lemma le_sinh_gdist:
  assumes "\<And>x y. x \<in> gset g \<Longrightarrow> y \<in> gset h \<Longrightarrow> K \<le> sinh (hdist x y)"
  shows "K \<le> sinh (gdist g h)"
proof -
  have "arsinh K \<le> gdist g h"
    unfolding gdist_def
  proof (rule cInf_greatest)
    have "gpt g 0 \<in> gset g" "gpt h 0 \<in> gset h"
      by (simp_all add: gset_def)
    then show "{hdist x y |x y. x \<in> gset g \<and> y \<in> gset h} \<noteq> {}"
      by blast
    show "arsinh K \<le> d" if "d \<in> {hdist x y |x y. x \<in> gset g \<and> y \<in> gset h}" for d
    proof -
      from that obtain x y where "x \<in> gset g" "y \<in> gset h" "d = hdist x y"
        by blast
      then have "sinh (arsinh K) \<le> sinh d"
        using assms by simp
      then show ?thesis
        by (simp only: sinh_real_le_iff)
    qed
  qed
  then have "sinh (arsinh K) \<le> sinh (gdist g h)"
    by (simp only: sinh_real_le_iff)
  then show ?thesis
    by simp
qed

lemma sqrt_null_product_le_mink_gpt:
  assumes "0 \<le> mink N (gpt h s + gtan h s)" "0 \<le> mink N (gpt h s - gtan h s)"
  shows "sqrt (mink N (gpt h s + gtan h s) * mink N (gpt h s - gtan h s)) \<le> mink N (gpt h r)"
proof -
  define a b where "a = mink N (fst h + snd h)" and "b = mink N (fst h - snd h)"
  have "0 \<le> a" "0 \<le> b"
    using assms by (simp_all add: gpt_plus_gtan gpt_minus_gtan a_def b_def zero_le_mult_iff)
  have "mink N (gpt h s + gtan h s) * mink N (gpt h s - gtan h s)
      = (exp r * a) * (exp (- r) * b)"
    by (simp add: gpt_plus_gtan gpt_minus_gtan a_def b_def exp_minus field_simps)
  also have "sqrt \<dots> \<le> (exp r * a + exp (- r) * b) / 2"
    using \<open>0 \<le> a\<close> \<open>0 \<le> b\<close> by (intro arith_geo_mean_sqrt) simp_all
  also have "\<dots> = (mink N (gpt h r + gtan h r) + mink N (gpt h r - gtan h r)) / 2"
    by (simp add: gpt_plus_gtan gpt_minus_gtan a_def b_def)
  also have "\<dots> = mink N (gpt h r)"
    by simp
  finally show ?thesis .
qed

section \<open>Real estimates\<close>

lemma sinh_ge_self:
  fixes x :: real
  assumes "0 \<le> x"
  shows "x \<le> sinh x"
  using real_le_x_sinh[OF assms] by (simp add: sinh_field_def exp_minus)

lemma cosh_eq_sinh_half:
  fixes x :: real
  shows "cosh x = 1 + 2 * (sinh (x / 2))\<^sup>2"
  using cosh_double[of "x / 2"] by (simp add: cosh_square_eq)

lemma sinh_le_mult_exp:
  fixes x :: real
  assumes "0 \<le> x"
  shows "sinh x \<le> x * exp x"
proof -
  have "exp x * (1 - 2 * x) \<le> exp x * exp (- 2 * x)"
    using exp_ge_add_one_self[of "- 2 * x"] by (intro mult_left_mono) simp_all
  also have "\<dots> = exp (- x)"
    by (simp flip: exp_add)
  finally show ?thesis
    by (simp add: sinh_field_def algebra_simps)
qed

lemma ln_le_of_sinh_bounds:
  fixes L D :: real
  assumes "0 < L" "L \<le> (sinh D)\<^sup>2" "L \<le> 2 * sinh D"
  shows "ln L \<le> D + 2 * ln D + 3"
proof -
  have "0 < sinh D"
    using assms(1,3) by linarith
  then have "0 < D"
    by simp
  show ?thesis
  proof (cases "1 \<le> D")
    case True
    have "2 * sinh D \<le> exp D"
      by (simp add: sinh_field_def)
    then have "L \<le> exp D"
      using assms(3) by linarith
    then have "ln L \<le> ln (exp D)"
      using assms(1) by (rule ln_mono)
    moreover have "0 \<le> ln D"
      using True by simp
    ultimately show ?thesis
      by simp
  next
    case False
    have "L \<le> (D * exp D)\<^sup>2"
      using assms(2) sinh_le_mult_exp[of D] \<open>0 < D\<close> by (smt (verit) power_mono sinh_real_nonneg_iff)
    then have "ln L \<le> ln ((D * exp D)\<^sup>2)"
      using assms(1) by (rule ln_mono)
    also have "\<dots> = 2 * ln D + 2 * D"
      using \<open>0 < D\<close> by (simp add: ln_mult ln_realpow)
    finally show ?thesis
      using False by linarith
  qed
qed

lemma chain_step_ge:
  fixes a b g c sh :: real
  assumes "1 \<le> c" "0 \<le> sh" "0 \<le> a" "0 \<le> b" "1 \<le> g"
  shows "a \<le> (c + 1) / 2 * a + (c - 1) / 2 * b + sh * g"
    and "b \<le> (c - 1) / 2 * a + (c + 1) / 2 * b + sh * g"
    and "sh \<le> (c + 1) / 2 * a + (c - 1) / 2 * b + sh * g"
    and "sh \<le> (c - 1) / 2 * a + (c + 1) / 2 * b + sh * g"
    and "(c - 1) / 2 * b \<le> (c + 1) / 2 * a + (c - 1) / 2 * b + sh * g"
    and "(c - 1) / 2 * a \<le> (c - 1) / 2 * a + (c + 1) / 2 * b + sh * g"
    and "1 \<le> sh * (a + b) / 2 + c * g"
proof -
  have "0 \<le> (c - 1) / 2 * a" "0 \<le> (c - 1) / 2 * b" "0 \<le> sh * (a + b) / 2"
    using assms by simp_all
  moreover have "1 * a \<le> (c + 1) / 2 * a" "1 * b \<le> (c + 1) / 2 * b" "1 * g \<le> c * g"
    using assms by (intro mult_right_mono; simp)+
  moreover have "sh * 1 \<le> sh * g"
    using assms by (intro mult_left_mono)
  ultimately show "a \<le> (c + 1) / 2 * a + (c - 1) / 2 * b + sh * g"
    and "b \<le> (c - 1) / 2 * a + (c + 1) / 2 * b + sh * g"
    and "sh \<le> (c + 1) / 2 * a + (c - 1) / 2 * b + sh * g"
    and "sh \<le> (c - 1) / 2 * a + (c + 1) / 2 * b + sh * g"
    and "(c - 1) / 2 * b \<le> (c + 1) / 2 * a + (c - 1) / 2 * b + sh * g"
    and "(c - 1) / 2 * a \<le> (c - 1) / 2 * a + (c + 1) / 2 * b + sh * g"
    and "1 \<le> sh * (a + b) / 2 + c * g"
    using assms by linarith+
qed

+++++

Instructions for the task: If a line in the records above contains "arsinh", copy that line.

Finished task:
  have "arsinh K \<le> gdist g h"
    show "arsinh K \<le> d" if "d \<in> {hdist x y |x y. x \<in> gset g \<and> y \<in> gset h}" for d
      then have "sinh (arsinh K) \<le> sinh d"
  then have "sinh (arsinh K) \<le> sinh (gdist g h)"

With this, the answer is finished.